From left, new Brookfield Police Chief James Purcell, Major John Puglisi, and Captain Peter Frengs
From left, new Brookfield Police Chief James Purcell, Major John Puglisi, and Captain Peter Frengs Photo Credit: Sandra Diamond Fox

BROOKFIELD, Conn. — James Purcell, a veteran officer with 33 years on the force and Brookfield’s new chief, said people shouldn’t feel intimidated by police officers.

“If an officer is in uniform, it means he’s working. If you have a question, you should feel comfortable approaching him," said Purcell, who took over as chief in January, replacing Robin Montgomery who held the position for 16 years.

Purcell has been with the Brookfield Police Department for 33 years, rising up the ranks. He came in as a patrolman in 1983, became sergeant in 1989 and major in 2001.

He said he's satisfied in his new position. “It is the ultimate position within the agency." There are 34 sworn officers on the force.

One of his main concerns since taking over has been the increase in car thefts. “Over the last six months, there has been a rash of stolen vehicles and cars in the middle of the night — this is not just in Brookfield but in all the surrounding towns."

"The people who stole these cars are from the Meriden and Waterbury area," he said. "They go into unlocked cars where the owners left the keys inside, and either take the car or steal items from the car."
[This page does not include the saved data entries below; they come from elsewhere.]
lemma linear_topology_on_subtopology:
  fixes T :: "'a::real_vector topology"
  assumes lin: "linear_topology_on S T" and L: "subspace L" and "L \<subseteq> S"
  shows "linear_topology_on L (subtopology T L)"
proof -
  have ts: "topspace T = S" and Haus: "Hausdorff_space T"
    and add: "continuous_map (prod_topology T T) T (\<lambda>(x, y). x + y)"
    and scale: "continuous_map (prod_topology euclideanreal T) T (\<lambda>(a, x). a *\<^sub>R x)"
    using lin unfolding linear_topology_on_def by auto
  have "continuous_map (subtopology (prod_topology T T) (L \<times> L)) (subtopology T L)
          (\<lambda>(x, y). x + y)"
    unfolding continuous_map_in_subtopology
    using continuous_map_from_subtopology[OF add] L by (auto simp: subspace_add)
  then have "continuous_map (prod_topology (subtopology T L) (subtopology T L)) (subtopology T L)
               (\<lambda>(x, y). x + y)"
    by (simp add: subtopology_Times)
  moreover have "continuous_map (subtopology (prod_topology euclideanreal T) (UNIV \<times> L))
                   (subtopology T L) (\<lambda>(a, x). a *\<^sub>R x)"
    unfolding continuous_map_in_subtopology
    using continuous_map_from_subtopology[OF scale] L by (auto simp: subspace_scale)
  then have "continuous_map (prod_topology euclideanreal (subtopology T L)) (subtopology T L)
               (\<lambda>(a, x). a *\<^sub>R x)"
    by (simp add: subtopology_Times)
  ultimately show ?thesis
    using ts Haus \<open>L \<subseteq> S\<close> Hausdorff_space_subtopology
    unfolding linear_topology_on_def by (simp add: Int_absorb1)
qed

lemma locally_solid_on_subtopology:
  fixes T :: "'a::{ordered_real_vector,lattice} topology"
  assumes ls: "locally_solid_on S T" and I: "ideal_vl I" and "I \<subseteq> S"
  shows "locally_solid_on I (subtopology T I)"
  unfolding locally_solid_on_def
proof (intro conjI allI impI)
  show "linear_topology_on I (subtopology T I)"
    using ls I \<open>I \<subseteq> S\<close> linear_topology_on_subtopology ideal_vl_imp_subspace
    unfolding locally_solid_on_def by blast
next
  fix U assume "\<exists>W. openin (subtopology T I) W \<and> 0 \<in> W \<and> W \<subseteq> U"
  then obtain W where W: "openin T W" "0 \<in> W" "W \<inter> I \<subseteq> U"
    by (auto simp: openin_subtopology)
  then have "\<exists>W'. openin T W' \<and> 0 \<in> W' \<and> W' \<subseteq> W" by blast
  then obtain V where V: "solid_in S V" "V \<subseteq> W" "\<exists>W'. openin T W' \<and> 0 \<in> W' \<and> W' \<subseteq> V"
    using ls unfolding locally_solid_on_def by blast
  then obtain W' where W': "openin T W'" "0 \<in> W'" "W' \<subseteq> V" by blast
  have "solid_in I (V \<inter> I)" using V(1) \<open>I \<subseteq> S\<close> unfolding solid_in_def by blast
  moreover have "V \<inter> I \<subseteq> U" using V(2) W(3) by blast
  moreover have "openin (subtopology T I) (W' \<inter> I)" using W'(1) by (auto simp: openin_subtopology)
  moreover have "0 \<in> W' \<inter> I" using W'(2) I unfolding ideal_vl_def by blast
  moreover have "W' \<inter> I \<subseteq> V \<inter> I" using W'(3) by blast
  ultimately show "\<exists>V. solid_in I V \<and> V \<subseteq> U \<and>
                     (\<exists>W. openin (subtopology T I) W \<and> 0 \<in> W \<and> W \<subseteq> V)"
    by blast
qed

lemma tvs_cauchy_from_subtopology:
  assumes "tvs_cauchy (subtopology T L) f" and "0 \<in> L"
  shows "tvs_cauchy T f"
  unfolding tvs_cauchy_def
proof (intro conjI allI impI)
  show "f n \<in> topspace T" for n using assms(1) unfolding tvs_cauchy_def by simp
next
  fix U assume "openin T U \<and> 0 \<in> U"
  then have "openin (subtopology T L) (U \<inter> L) \<and> 0 \<in> U \<inter> L"
    using \<open>0 \<in> L\<close> by (auto simp: openin_subtopology)
  then obtain N where "\<forall>m n. N \<le> m \<and> N \<le> n \<longrightarrow> f m - f n \<in> U \<inter> L"
    using assms(1) unfolding tvs_cauchy_def by blast
  then show "\<exists>N. \<forall>m n. N \<le> m \<and> N \<le> n \<longrightarrow> f m - f n \<in> U" by blast
qed

lemma locally_solid_translation_open:
  fixes T :: "'a::{ordered_real_vector,lattice} topology"
  assumes ls: "locally_solid_on UNIV T" and W: "openin T W"
  shows "openin T {y. y - l \<in> W}"
proof -
  have ts: "topspace T = UNIV" and add: "continuous_map (prod_topology T T) T (\<lambda>(x, y). x + y)"
    using ls unfolding locally_solid_on_def linear_topology_on_def by auto
  have "continuous_map T (prod_topology T T) (\<lambda>y. (y, - l))"
    by (simp add: continuous_map_pairwise o_def ts)
  then have "continuous_map T T ((\<lambda>(x, y). x + y) \<circ> (\<lambda>y. (y, - l)))"
    using continuous_map_compose[OF _ add] by blast
  then have "continuous_map T T (\<lambda>y. y - l)" by (simp add: o_def)
  then show ?thesis using W ts by (simp add: continuous_map_def)
qed

text \<open>An element dominated by every \<open>|f n - l|\<close> lies in every solid neighbourhood of
  zero, hence is zero by the Hausdorff property.\<close>

lemma locally_solid_limit_dominated_zero:
  fixes T :: "'a::{ordered_real_vector,lattice} topology"
  assumes ls: "locally_solid_on UNIV T" and lim: "limitin T f l sequentially"
    and "0 \<le> z" and dom: "\<And>n. z \<le> vabs (f n - l)"
  shows "z = 0"
proof (rule ccontr)
  assume "z \<noteq> 0"
  have "Hausdorff_space T" "topspace T = UNIV"
    using ls unfolding locally_solid_on_def linear_topology_on_def by auto
  then obtain U U' where U: "openin T U" "0 \<in> U" "z \<in> U'" "disjnt U U'"
    using \<open>z \<noteq> 0\<close> unfolding Hausdorff_space_def by (metis UNIV_I)
  then have "\<exists>W. openin T W \<and> 0 \<in> W \<and> W \<subseteq> U" by blast
  then obtain S where S: "solid_in UNIV S" "S \<subseteq> U" "\<exists>W. openin T W \<and> 0 \<in> W \<and> W \<subseteq> S"
    using ls unfolding locally_solid_on_def by blast
  then obtain W where W: "openin T W" "0 \<in> W" "W \<subseteq> S" by blast
  have "openin T {y. y - l \<in> W}" "l \<in> {y. y - l \<in> W}"
    using locally_solid_translation_open[OF ls W(1)] W(2) by auto
  then have "eventually (\<lambda>n. f n \<in> {y. y - l \<in> W}) sequentially"
    using lim unfolding limitin_def by blast
  then obtain n where "f n - l \<in> S" using W(3) by (auto simp: eventually_sequentially)
  moreover have "vabs z \<le> vabs (f n - l)" using dom \<open>0 \<le> z\<close> by (simp add: vabs_eq_self)
  ultimately have "z \<in> U" using S(1,2) unfolding solid_in_def by blast
  then show False using U(3,4) by (auto simp: disjnt_def)
qed

lemma locally_solid_limit_in_interval:
  fixes T :: "'a::{ordered_real_vector,lattice} topology"
  assumes ls: "locally_solid_on UNIV T" and lim: "limitin T f l sequentially"
    and f: "\<And>n. f n \<in> {a..b}"
  shows "l \<in> {a..b}"
proof -
  have "sup (a - l) 0 = 0"
  proof (rule locally_solid_limit_dominated_zero[OF ls lim])
    fix n
    have "a - l \<le> f n - l" using f by (simp add: diff_right_mono)
    then show "sup (a - l) 0 \<le> vabs (f n - l)"
      using le_vabs(1) vabs_nonneg by (metis le_sup_iff order_trans)
  qed simp
  moreover have "sup (l - b) 0 = 0"
  proof (rule locally_solid_limit_dominated_zero[OF ls lim])
    fix n
    have "l - b \<le> - (f n - l)" using f by (simp add: diff_left_mono)
    then show "sup (l - b) 0 \<le> vabs (f n - l)"
      using le_vabs(2) vabs_nonneg by (metis le_sup_iff order_trans)
  qed simp
  ultimately show ?thesis by (metis atLeastAtMost_iff diff_le_0_iff_le sup.cobounded1)
qed

lemma interval_complete_subtopology_ideal:
  fixes T :: "'a::{ordered_real_vector,lattice} topology"
  assumes ls: "locally_solid_on UNIV T" and "tvs_complete T"
    and I: "ideal_vl I" and "x \<in> I"
    and f: "\<And>n. f n \<in> {0..x}" and cauchy: "tvs_cauchy (subtopology T I) f"
  shows "\<exists>l\<in>{0..x}. limitin (subtopology T I) f l sequentially"
proof -
  have "0 \<in> I" using I unfolding ideal_vl_def by blast
  with cauchy have "tvs_cauchy T f" by (rule tvs_cauchy_from_subtopology)
  then obtain l where l: "limitin T f l sequentially"
    using \<open>tvs_complete T\<close> unfolding tvs_complete_def by blast
  have "l \<in> {0..x}" using locally_solid_limit_in_interval[OF ls l f] .
  moreover have "{0..x} \<subseteq> I" using ideal_vl_interval_subset[OF I \<open>x \<in> I\<close>] .
  ultimately show ?thesis
    using l f by (intro bexI[of _ l]) (auto simp: limitin_subtopology subset_iff)
qed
"We lost four cars one night, and multiple cars were broken into. Seven cars were stolen over the past three months. This is a huge number for Brookfield," he said.

To prevent being a victim to this crime, Purcell advises removing your keys when leaving the car and never leaving valuables in plain view.

Another concern is speeding. And as the weather gets warmer, drivers should expect cyclists and runners alongside them on the roads.

“As people move outside and start to bicycle, walk or run, be considerate. Keep speeds at a reasonable rate and act accordingly. Always yield to pedestrians," he said.

Police are involved in ongoing efforts to crack down texting while driving, Purcell said.

In April, Brookfield will be participating in a High Visibility Distracted Driving Enforcement campaign. “We will have patrols out on the roads, concentrating on people who are texting and driving, and we will ticket them," he said.

The town's officers are also striving to become more engaged with the community through their “Coffee with a Cop” program.

“This is a forum that we hold every few months where people can come in and sit down with one of our patrol officers, have a cup of coffee and talk about any concerns they may have," he said.

Purcell said he likes the small-town feeling of Brookfield. “You get to know people a little more intimately here than in a bigger city. You develop relationships here.

"When you go shopping, you run into the people you know — that’s the beauty of a small town."